* _What needs to be done_
Using the records below, output the stretch that opens with the line containing "(L mod N) <" and closes with the line containing "int N = int", exactly and including both lines, with nothing more.

Items listed in a dataset:

□ □ □ □

lemma mopen_restr_near:
  assumes E: "E \<subseteq> seq_space a" and J: "finite J"
  shows "mopen E (Dmet a) {x\<in>E. \<forall>j\<in>J. \<exists>v\<in>V j. bdist a N (restr x (s j) N) v < \<delta>}"
  unfolding mopen_def
proof (intro conjI ballI)
  fix x assume x: "x \<in> {x\<in>E. \<forall>j\<in>J. \<exists>v\<in>V j. bdist a N (restr x (s j) N) v < \<delta>}"
  then have "\<forall>j\<in>J. \<exists>v. v \<in> V j \<and> bdist a N (restr x (s j) N) v < \<delta>"
    by blast
  from bchoice[OF this] obtain v where v: "\<forall>j\<in>J. v j \<in> V j \<and> bdist a N (restr x (s j) N) (v j) < \<delta>"
    by blast
  define \<eta> where "\<eta> = Min (insert 1 ((\<lambda>j. \<delta> - bdist a N (restr x (s j) N) (v j)) ` J))"
  have \<eta>: "0 < \<eta>" "\<And>j. j \<in> J \<Longrightarrow> \<eta> \<le> \<delta> - bdist a N (restr x (s j) N) (v j)"
    unfolding \<eta>_def using J v by (simp_all add: Min_gr_iff)
  define R where "R = Max (insert 0 ((\<lambda>(j, k). nat \<bar>s j + int k\<bar>) ` (J \<times> {..<N})))"
  have R: "nat \<bar>s j + int k\<bar> \<le> R" if "j \<in> J" "k < N" for j k
    unfolding R_def using J that by (intro Max_ge) auto
  show "\<exists>r>0. \<forall>y\<in>E. Dmet a x y < r \<longrightarrow> y \<in> {x\<in>E. \<forall>j\<in>J. \<exists>v\<in>V j. bdist a N (restr x (s j) N) v < \<delta>}"
  proof (intro exI[of _ "\<eta> / 2 ^ R"] conjI ballI impI)
    show "0 < \<eta> / 2 ^ R"
      using \<eta>(1) by simp
    fix y assume y: "y \<in> E" "Dmet a x y < \<eta> / 2 ^ R"
    have xy: "x \<in> seq_space a" "y \<in> seq_space a"
      using x y(1) E by auto
    have "bdist a N (restr y (s j) N) (v j) < \<delta>" if j: "j \<in> J" for j
    proof -
      have "bdist a N (restr x (s j) N) (restr y (s j) N) \<le> 2 ^ R * Dmet a x y"
      proof (rule bdist_restr_leI)
        fix k assume "k < N"
        have "cdist a (x (s j + int k)) (y (s j + int k)) \<le> 2 ^ nat \<bar>s j + int k\<bar> * Dmet a x y"
          by (rule cdist_le_Dmet[OF xy])
        also have "\<dots> \<le> 2 ^ R * Dmet a x y"
          using R[OF j \<open>k < N\<close>] by (intro mult_right_mono power_increasing) (auto simp: Dmet_nonneg)
        finally show "cdist a (x (s j + int k)) (y (s j + int k)) \<le> 2 ^ R * Dmet a x y" .
      qed (simp add: Dmet_nonneg)
      also have "\<dots> < \<eta>"
        using y(2) by (simp add: field_simps)
      finally show ?thesis
        using bdist_triangle[of a N "restr y (s j) N" "v j" "restr x (s j) N"] \<eta>(2)[OF j]
        by (simp add: bdist_commute)
    qed
    then show "y \<in> {x\<in>E. \<forall>j\<in>J. \<exists>v\<in>V j. bdist a N (restr x (s j) N) v < \<delta>}"
      using y(1) v by blast
  qed
qed blast

lemma dyn_dist_le_of_blocks:
  fixes p :: int and M L N :: nat
  assumes N: "N \<ge> 1" and L: "1 \<le> L" and p: "p \<in> {0..<int N}"
    and xy: "x \<in> seq_space a" "y \<in> seq_space a" and "0 \<le> \<eta>"
    and blocks: "\<And>j. - (int M + 1) \<le> j \<Longrightarrow> j \<le> int (L div N + M) \<Longrightarrow>
           bdist a N (restr x (p + j * int N) N) (restr y (p + j * int N) N) \<le> \<eta>"
  shows "dyn_dist (Dmet a) shift L x y
           \<le> (\<eta> + sqrt (1/2) ^ M) * (\<Sum>\<^sub>\<infinity>n::int. sqrt (1/2) ^ nat \<bar>n\<bar>)"
proof -
  have coordinates: "cdist a (x n) (y n) \<le> \<eta>" if n: "- int M \<le> n" "n \<le> int L - 1 + int M" for n
  proof -
    have MN: "int M \<le> int M * int N"
      using N mult_left_mono[of 1 "int N" "int M"] by simp
    have p': "0 \<le> p" "p < int N"
      using p by simp_all
    have lower: "- ((int M + 1) * int N) \<le> n - p"
      using n p' MN by (simp add: algebra_simps)
    have "int L = int (L div N) * int N + int (L mod N)" "int (L mod N) < int N"
      using N by (simp_all flip: of_nat_mult of_nat_add)
    moreover have "(int (L div N + M) + 1) * int N = int (L div N) * int N + int M * int N + int N"
      by (simp add: algebra_simps)
    ultimately have upper: "n - p < (int (L div N + M) + 1) * int N"
      using n p' MN by linarith
    obtain j k where j: "- (int M + 1) \<le> j" "j \<le> int (L div N + M)" and k: "k < N"
      and "n - p = j * int N + int k"
      using int_block_decomp[OF N lower upper] .
    then have "n = p + j * int N + int k"
      by simp
    then show ?thesis
      using cdist_le_bdist_restr[of k N a x "p + j * int N" y] blocks[of j] j k by simp
  qed
  show ?thesis
  proof (rule dyn_dist_leI[OF L])
    fix m assume m: "m < L"
    show "Dmet a ((shift ^^ m) x) ((shift ^^ m) y)
            \<le> (\<eta> + sqrt (1/2) ^ M) * (\<Sum>\<^sub>\<infinity>n::int. sqrt (1/2) ^ nat \<bar>n\<bar>)"
    proof (rule Dmet_le_of_cdist_le)
      show "(shift ^^ m) x \<in> seq_space a" "(shift ^^ m) y \<in> seq_space a"
        using xy by (simp_all add: funpow_shift_in_seq_space)
      fix n :: int assume "\<bar>n\<bar> \<le> int M"
      then have "- int M \<le> n + int m" "n + int m \<le> int L - 1 + int M"
        using m by auto
      then show "cdist a ((shift ^^ m) x n) ((shift ^^ m) y n) \<le> \<eta>"
        unfolding funpow_shift by (rule coordinates)
    qed fact
  qed
qed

□ □ □ □

* _Reply_
    have "int L = int (L div N) * int N + int (L mod N)" "int (L mod N) < int N"
      using N by (simp_all flip: of_nat_mult of_nat_add)
    moreover have "(int (L div N + M) + 1) * int N = int (L div N) * int N + int M * int N + int N"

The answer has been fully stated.